• _Data supplied_:
(* Let $S$ be a quasi-tree of a map $\mathcal M$ and let $e$ be an edge of $\mathcal M$. If $e\in S$, then $\widetilde{\Lambda}(\mathcal M/ e, S\setminus \{e\})=\widetilde{\Lambda}(\mathcal M, S)- e$. If $e\notin S$, then $\widetilde{\Lambda}(\mathcal M\setminus e, S)=\widetilde{\Lambda}(\mathcal M, S)- e$.
   Context: A map is a triple $\mathcal M=(B,\sigma,\alpha)$ with $B$ finite, $\sigma,\alpha\in\mathrm{Sym}(B)$, $\alpha$ a fixed-point-free involution, $\langle\sigma,\alpha\rangle$ transitive on $B$; permutations compose as functions. Edges are the cycles of $\alpha$; $\underline b=\{b,\alpha(b)\}$. For $\mu\in\mathrm{Sym}(B)$, $B'\subseteq B$, $\mu_{|B'}(b)=\mu^k(b)$ with $k$ least positive such that $\mu^k(b)\in B'$. Deletion: $\mathcal M\setminus e=(B\setminus e,\sigma_{|B\setminus e},\alpha_{|B\setminus e})$; contraction: $\mathcal M/e=(B\setminus e,(\sigma\alpha)_{|B\setminus e}\alpha_{|B\setminus e},\alpha_{|B\setminus e})$. The tour of a set $F$ of edges is $\tau$ with $\tau(b)=\sigma(\alpha(b))$ if $\underline b\in F$ and $\tau(b)=\sigma(b)$ otherwise; a quasi-tree is a set of edges whose tour is a single cycle on the flag set. For a quasi-tree $S$ with tour $\tau$, $\widetilde\Lambda(\mathcal M,S)$ is the chord diagram with the flags placed on a circle in the cyclic order of $\tau$, a chord joining the two flags of each edge, chords of edges in $S$ colored $1$ and the others colored $2$. $\widetilde\Lambda(\mathcal M,S)-e$ denotes the bicolored chord diagram with the chord of $e$ removed. *)

theory Defs
  imports "HOL-Combinatorics.Permutations"
begin

text \<open>Permutations are total functions
  that are bijections of B and the identity outside B ('permutes').\<close>

definition is_map :: "'b set \<Rightarrow> ('b \<Rightarrow> 'b) \<Rightarrow> ('b \<Rightarrow> 'b) \<Rightarrow> bool" where
  "is_map B \<sigma> \<alpha> \<longleftrightarrow> finite B \<and> \<sigma> permutes B \<and> \<alpha> permutes B
     \<and> (\<forall>b\<in>B. \<alpha> b \<noteq> b \<and> \<alpha> (\<alpha> b) = b)
     \<and> (\<forall>b\<in>B. \<forall>c\<in>B. (b, c) \<in> {(x, y). y = \<sigma> x \<or> y = \<alpha> x}\<^sup>*)"

definition edge_of :: "('b \<Rightarrow> 'b) \<Rightarrow> 'b \<Rightarrow> 'b set" where
  "edge_of \<alpha> b = {b, \<alpha> b}"

definition edges :: "'b set \<Rightarrow> ('b \<Rightarrow> 'b) \<Rightarrow> 'b set set" where
  "edges B \<alpha> = edge_of \<alpha> ` B"

definition restr_perm :: "('b \<Rightarrow> 'b) \<Rightarrow> 'b set \<Rightarrow> 'b \<Rightarrow> 'b" where
  "restr_perm \<mu> B' b =
     (if b \<in> B' then (\<mu> ^^ (LEAST k. 0 < k \<and> (\<mu> ^^ k) b \<in> B')) b else b)"

definition delete_edge :: "'b set \<Rightarrow> ('b \<Rightarrow> 'b) \<Rightarrow> ('b \<Rightarrow> 'b) \<Rightarrow> 'b set
    \<Rightarrow> 'b set \<times> ('b \<Rightarrow> 'b) \<times> ('b \<Rightarrow> 'b)" where
  "delete_edge B \<sigma> \<alpha> e = (B - e, restr_perm \<sigma> (B - e), restr_perm \<alpha> (B - e))"

definition contract_edge :: "'b set \<Rightarrow> ('b \<Rightarrow> 'b) \<Rightarrow> ('b \<Rightarrow> 'b) \<Rightarrow> 'b set
    \<Rightarrow> 'b set \<times> ('b \<Rightarrow> 'b) \<times> ('b \<Rightarrow> 'b)" where
  "contract_edge B \<sigma> \<alpha> e =
     (B - e, restr_perm (\<sigma> \<circ> \<alpha>) (B - e) \<circ> restr_perm \<alpha> (B - e), restr_perm \<alpha> (B - e))"

definition tour :: "'b set \<Rightarrow> ('b \<Rightarrow> 'b) \<Rightarrow> ('b \<Rightarrow> 'b) \<Rightarrow> 'b set set \<Rightarrow> 'b \<Rightarrow> 'b" where
  "tour B \<sigma> \<alpha> F b =
     (if b \<in> B then (if edge_of \<alpha> b \<in> F then \<sigma> (\<alpha> b) else \<sigma> b) else b)"

definition quasi_tree :: "'b set \<Rightarrow> ('b \<Rightarrow> 'b) \<Rightarrow> ('b \<Rightarrow> 'b) \<Rightarrow> 'b set set \<Rightarrow> bool" where
  "quasi_tree B \<sigma> \<alpha> S \<longleftrightarrow> S \<subseteq> edges B \<alpha>
     \<and> (\<forall>b\<in>B. \<forall>c\<in>B. \<exists>n. (tour B \<sigma> \<alpha> S ^^ n) b = c)"

text \<open>A (labelled) bicolored chord diagram: a set of points on a circle, the cyclic
  successor of each point on the circle, the chord involution pairing the endpoints
  of each chord, and the colour of the chord at each point. All components are
  normalised outside the point set so that HOL equality is equality of diagrams.\<close>
type_synonym 'b chord_diagram = "'b set \<times> ('b \<Rightarrow> 'b) \<times> ('b \<Rightarrow> 'b) \<times> ('b \<Rightarrow> nat)"

definition mk_diagram :: "'b set \<Rightarrow> ('b \<Rightarrow> 'b) \<Rightarrow> ('b \<Rightarrow> 'b) \<Rightarrow> ('b \<Rightarrow> nat) \<Rightarrow> 'b chord_diagram" where
  "mk_diagram P succ ch col =
     (P, (\<lambda>b. if b \<in> P then succ b else b), (\<lambda>b. if b \<in> P then ch b else b),
      (\<lambda>b. if b \<in> P then col b else 0))"

definition Lambda :: "'b set \<Rightarrow> ('b \<Rightarrow> 'b) \<Rightarrow> ('b \<Rightarrow> 'b) \<Rightarrow> 'b set set \<Rightarrow> 'b chord_diagram" where
  "Lambda B \<sigma> \<alpha> S =
     mk_diagram B (tour B \<sigma> \<alpha> S) \<alpha> (\<lambda>b. if edge_of \<alpha> b \<in> S then 1 else 2)"

definition remove_chord :: "'b chord_diagram \<Rightarrow> 'b set \<Rightarrow> 'b chord_diagram" where
  "remove_chord D e = (case D of (P, succ, ch, col) \<Rightarrow>
     mk_diagram (P - e) (restr_perm succ (P - e)) ch col)"

end

theory Submission
  imports Defs "HOL-Combinatorics.Cycles"
begin

text \<open>Off the edge e, contraction and deletion leave alpha unchanged, so it suffices to show
  that the tour of the minor is the first-return map (restr_perm) of the old tour tau to B - e.
  Let mu be sigma alpha if e is in S and sigma otherwise. Then tau agrees with mu on the flags
  of e, and at a flag x off e, tau x is mu applied to x or to alpha x, while the new tour at x
  is the first-return map of mu at that same point. So after one step the two orbits coincide
  until they re-enter B - e.\<close>

lemma restr_perm_apply:
  assumes "b \<in> B'" and "\<mu> b \<in> B'"
  shows "restr_perm \<mu> B' b = \<mu> b"
proof -
  have "(LEAST k. 0 < k \<and> (\<mu> ^^ k) b \<in> B') = 1"
    by (rule Least_equality) (use assms in auto)
  then show ?thesis
    using assms(1) by (simp add: restr_perm_def)
qed

lemma permutation_returns:
  assumes "permutation \<mu>" and "c \<in> B'"
  shows "\<exists>k. 0 < k \<and> (\<mu> ^^ k) c \<in> B'"
proof -
  obtain n where "\<mu> ^^ n = id" and "n > 0"
    using permutation_is_nilpotent[OF assms(1)] by blast
  then show ?thesis
    using assms(2) by (intro exI[of _ n]) simp
qed

lemma funpow_eq_before_return:
  assumes "0 < n" and "\<tau> b = \<mu> c" and agree: "\<And>x. x \<notin> B' \<Longrightarrow> \<tau> x = \<mu> x"
    and outside: "\<And>j. 0 < j \<Longrightarrow> j < n \<Longrightarrow> (\<mu> ^^ j) c \<notin> B'"
  shows "(\<tau> ^^ n) b = (\<mu> ^^ n) c"
  using assms(1) outside
proof (induction n rule: nat_induct_non_zero)
  case 1
  then show ?case using assms(2) by simp
next
  case (Suc n)
  then have "(\<tau> ^^ n) b = (\<mu> ^^ n) c" and "(\<mu> ^^ n) c \<notin> B'"
    by simp_all
  then show ?case using agree by simp
qed

lemma restr_perm_eq_if_merge:
  assumes "permutation \<mu>" and "b \<in> B'" and "c \<in> B'"
    and "\<tau> b = \<mu> c" and agree: "\<And>x. x \<notin> B' \<Longrightarrow> \<tau> x = \<mu> x"
  shows "restr_perm \<tau> B' b = restr_perm \<mu> B' c"
proof -
  define k where "k = (LEAST k. 0 < k \<and> (\<mu> ^^ k) c \<in> B')"
  have k: "0 < k" "(\<mu> ^^ k) c \<in> B'"
    using LeastI_ex[OF permutation_returns[OF assms(1,3)]] by (simp_all add: k_def)
  have before: "(\<mu> ^^ j) c \<notin> B'" if "0 < j" "j < k" for j
    using not_less_Least[of j] that by (auto simp: k_def)
  have same: "(\<tau> ^^ j) b = (\<mu> ^^ j) c" if "0 < j" "j \<le> k" for j
    using funpow_eq_before_return[of j \<tau> b \<mu> c B'] that assms(4) agree before by simp
  have "(LEAST j. 0 < j \<and> (\<tau> ^^ j) b \<in> B') = k"
  proof (rule Least_equality)
    show "0 < k \<and> (\<tau> ^^ k) b \<in> B'"
      using k same[of k] by simp
    show "k \<le> j" if "0 < j \<and> (\<tau> ^^ j) b \<in> B'" for j
      using that same[of j] before[of j] by (metis leI less_imp_le)
  qed
  then show ?thesis
    using assms(2,3) k same[of k] by (simp add: restr_perm_def k_def)
qed

lemma mk_diagram_cong:
  assumes "\<And>x. x \<in> P \<Longrightarrow> succ x = succ' x" and "\<And>x. x \<in> P \<Longrightarrow> ch x = ch' x"
    and "\<And>x. x \<in> P \<Longrightarrow> col x = col' x"
  shows "mk_diagram P succ ch col = mk_diagram P succ' ch' col'"
  using assms by (auto simp: mk_diagram_def fun_eq_iff)

lemma remove_chord_Lambda:
  "remove_chord (Lambda B \<sigma> \<alpha> S) e =
     mk_diagram (B - e) (restr_perm (tour B \<sigma> \<alpha> S) (B - e)) \<alpha>
       (\<lambda>b. if edge_of \<alpha> b \<in> S then 1 else 2)"
proof -
  have "(\<lambda>b. if b \<in> B then tour B \<sigma> \<alpha> S b else b) = tour B \<sigma> \<alpha> S"
    by (auto simp: fun_eq_iff tour_def)
  then show ?thesis
    unfolding remove_chord_def Lambda_def
    by (auto simp: mk_diagram_def fun_eq_iff)
qed

context
  fixes B :: "'b set" and \<sigma> \<alpha> :: "'b \<Rightarrow> 'b" and e :: "'b set"
  assumes map: "is_map B \<sigma> \<alpha>" and edge: "e \<in> edges B \<alpha>"
begin

lemma
  shows finite_flags: "finite B" and \<sigma>_permutes: "\<sigma> permutes B" and \<alpha>_permutes: "\<alpha> permutes B"
    and \<alpha>_involution: "\<And>b. b \<in> B \<Longrightarrow> \<alpha> (\<alpha> b) = b"
  using map by (auto simp: is_map_def)

lemma edge_subset_flags: "e \<subseteq> B"
  using edge \<alpha>_permutes by (auto simp: edges_def edge_of_def permutes_in_image)

lemma edge_of_flag_of_edge: "x \<in> e \<Longrightarrow> edge_of \<alpha> x = e"
  using edge \<alpha>_involution by (auto simp: edges_def edge_of_def)

lemma \<alpha>_off_edge:
  assumes "x \<in> B - e"
  shows "\<alpha> x \<in> B - e"
proof -
  have "\<alpha> x \<in> e \<Longrightarrow> x \<in> e"
    using edge_of_flag_of_edge[of "\<alpha> x"] assms \<alpha>_involution by (auto simp: edge_of_def)
  then show ?thesis
    using assms \<alpha>_permutes by (auto simp: permutes_in_image)
qed

lemma restr_perm_\<alpha>_off_edge: "x \<in> B - e \<Longrightarrow> restr_perm \<alpha> (B - e) x = \<alpha> x"
  by (rule restr_perm_apply) (use \<alpha>_off_edge in auto)

lemma edge_of_restr_perm_\<alpha>: "x \<in> B - e \<Longrightarrow> edge_of (restr_perm \<alpha> (B - e)) x = edge_of \<alpha> x"
  by (simp add: edge_of_def restr_perm_\<alpha>_off_edge)

lemma tour_off_flags_if_in:
  assumes "e \<in> S" and "x \<notin> B - e"
  shows "tour B \<sigma> \<alpha> S x = (\<sigma> \<circ> \<alpha>) x"
  using assms edge_subset_flags edge_of_flag_of_edge \<alpha>_permutes \<sigma>_permutes
  by (auto simp: tour_def permutes_not_in)

lemma tour_off_flags_if_notin:
  assumes "e \<notin> S" and "x \<notin> B - e"
  shows "tour B \<sigma> \<alpha> S x = \<sigma> x"
  using assms edge_subset_flags edge_of_flag_of_edge \<sigma>_permutes
  by (auto simp: tour_def permutes_not_in)

lemma tour_contract_edge:
  assumes "e \<in> S" and x: "x \<in> B - e"
  shows "tour (B - e) (restr_perm (\<sigma> \<circ> \<alpha>) (B - e) \<circ> restr_perm \<alpha> (B - e))
           (restr_perm \<alpha> (B - e)) (S - {e}) x = restr_perm (tour B \<sigma> \<alpha> S) (B - e) x"
proof -
  have perm: "permutation (\<sigma> \<circ> \<alpha>)"
    using permutes_compose[OF \<alpha>_permutes \<sigma>_permutes] finite_flags permutation_permutes by blast
  note agree = tour_off_flags_if_in[OF \<open>e \<in> S\<close>]
  have "edge_of \<alpha> x \<noteq> e"
    using x by (auto simp: edge_of_def)
  moreover have "\<alpha> (\<alpha> x) = x"
    using x \<alpha>_involution by simp
  moreover have "restr_perm (tour B \<sigma> \<alpha> S) (B - e) x =
      restr_perm (\<sigma> \<circ> \<alpha>) (B - e) (if edge_of \<alpha> x \<in> S then x else \<alpha> x)"
    by (rule restr_perm_eq_if_merge[OF perm x])
      (use x \<alpha>_off_edge \<alpha>_involution agree in \<open>auto simp: tour_def\<close>)
  ultimately show ?thesis
    using x \<alpha>_off_edge by (simp add: tour_def edge_of_restr_perm_\<alpha> restr_perm_\<alpha>_off_edge)
qed

lemma tour_delete_edge:
  assumes "e \<notin> S" and x: "x \<in> B - e"
  shows "tour (B - e) (restr_perm \<sigma> (B - e)) (restr_perm \<alpha> (B - e)) S x
           = restr_perm (tour B \<sigma> \<alpha> S) (B - e) x"
proof -
  have perm: "permutation \<sigma>"
    using \<sigma>_permutes finite_flags permutation_permutes by blast
  have "restr_perm (tour B \<sigma> \<alpha> S) (B - e) x =
      restr_perm \<sigma> (B - e) (if edge_of \<alpha> x \<in> S then \<alpha> x else x)"
    by (rule restr_perm_eq_if_merge[OF perm x])
      (use x \<alpha>_off_edge tour_off_flags_if_notin[OF \<open>e \<notin> S\<close>] in \<open>auto simp: tour_def\<close>)
  then show ?thesis
    using x by (simp add: tour_def edge_of_restr_perm_\<alpha> restr_perm_\<alpha>_off_edge)
qed

lemma Lambda_contract_edge:
  assumes "e \<in> S"
  shows "Lambda (B - e) (restr_perm (\<sigma> \<circ> \<alpha>) (B - e) \<circ> restr_perm \<alpha> (B - e))
           (restr_perm \<alpha> (B - e)) (S - {e}) = remove_chord (Lambda B \<sigma> \<alpha> S) e"
  unfolding remove_chord_Lambda unfolding Lambda_def
  by (rule mk_diagram_cong)
    (auto simp: tour_contract_edge[OF assms] restr_perm_\<alpha>_off_edge edge_of_restr_perm_\<alpha>
       edge_of_def)

lemma Lambda_delete_edge:
  assumes "e \<notin> S"
  shows "Lambda (B - e) (restr_perm \<sigma> (B - e)) (restr_perm \<alpha> (B - e)) S
           = remove_chord (Lambda B \<sigma> \<alpha> S) e"
  unfolding remove_chord_Lambda unfolding Lambda_def
  by (rule mk_diagram_cong)
    (auto simp: tour_delete_edge[OF assms] restr_perm_\<alpha>_off_edge edge_of_restr_perm_\<alpha>)

end

theorem lemma10:
  fixes B :: "'b set" and \<sigma> \<alpha> :: "'b \<Rightarrow> 'b" and S :: "'b set set" and e :: "'b set"
  assumes "is_map B \<sigma> \<alpha>"
    and "quasi_tree B \<sigma> \<alpha> S"
    and "e \<in> edges B \<alpha>"
  shows "(e \<in> S \<longrightarrow>
            (case contract_edge B \<sigma> \<alpha> e of (B', \<sigma>', \<alpha>') \<Rightarrow> Lambda B' \<sigma>' \<alpha>' (S - {e}))
              = remove_chord (Lambda B \<sigma> \<alpha> S) e)
       \<and> (e \<notin> S \<longrightarrow>
            (case delete_edge B \<sigma> \<alpha> e of (B', \<sigma>', \<alpha>') \<Rightarrow> Lambda B' \<sigma>' \<alpha>' S)
              = remove_chord (Lambda B \<sigma> \<alpha> S) e)"
  using Lambda_contract_edge[OF assms(1,3)] Lambda_delete_edge[OF assms(1,3)]
  by (simp add: contract_edge_def delete_edge_def)

end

• _Directions_:
Where the listing above reaches the line that contains "text \<open>Permutations are total functions", start retyping, and finish with the line that contains "(B - e, restr_perm (\<sigma>"; reproduce those lines exactly and no others.

• _Solution to the exercise_:
text \<open>Permutations are total functions
  that are bijections of B and the identity outside B ('permutes').\<close>

definition is_map :: "'b set \<Rightarrow> ('b \<Rightarrow> 'b) \<Rightarrow> ('b \<Rightarrow> 'b) \<Rightarrow> bool" where
  "is_map B \<sigma> \<alpha> \<longleftrightarrow> finite B \<and> \<sigma> permutes B \<and> \<alpha> permutes B
     \<and> (\<forall>b\<in>B. \<alpha> b \<noteq> b \<and> \<alpha> (\<alpha> b) = b)
     \<and> (\<forall>b\<in>B. \<forall>c\<in>B. (b, c) \<in> {(x, y). y = \<sigma> x \<or> y = \<alpha> x}\<^sup>*)"

definition edge_of :: "('b \<Rightarrow> 'b) \<Rightarrow> 'b \<Rightarrow> 'b set" where
  "edge_of \<alpha> b = {b, \<alpha> b}"

definition edges :: "'b set \<Rightarrow> ('b \<Rightarrow> 'b) \<Rightarrow> 'b set set" where
  "edges B \<alpha> = edge_of \<alpha> ` B"

definition restr_perm :: "('b \<Rightarrow> 'b) \<Rightarrow> 'b set \<Rightarrow> 'b \<Rightarrow> 'b" where
  "restr_perm \<mu> B' b =
     (if b \<in> B' then (\<mu> ^^ (LEAST k. 0 < k \<and> (\<mu> ^^ k) b \<in> B')) b else b)"

definition delete_edge :: "'b set \<Rightarrow> ('b \<Rightarrow> 'b) \<Rightarrow> ('b \<Rightarrow> 'b) \<Rightarrow> 'b set
    \<Rightarrow> 'b set \<times> ('b \<Rightarrow> 'b) \<times> ('b \<Rightarrow> 'b)" where
  "delete_edge B \<sigma> \<alpha> e = (B - e, restr_perm \<sigma> (B - e), restr_perm \<alpha> (B - e))"

definition contract_edge :: "'b set \<Rightarrow> ('b \<Rightarrow> 'b) \<Rightarrow> ('b \<Rightarrow> 'b) \<Rightarrow> 'b set
    \<Rightarrow> 'b set \<times> ('b \<Rightarrow> 'b) \<times> ('b \<Rightarrow> 'b)" where
  "contract_edge B \<sigma> \<alpha> e =
     (B - e, restr_perm (\<sigma> \<circ> \<alpha>) (B - e) \<circ> restr_perm \<alpha> (B - e), restr_perm \<alpha> (B - e))"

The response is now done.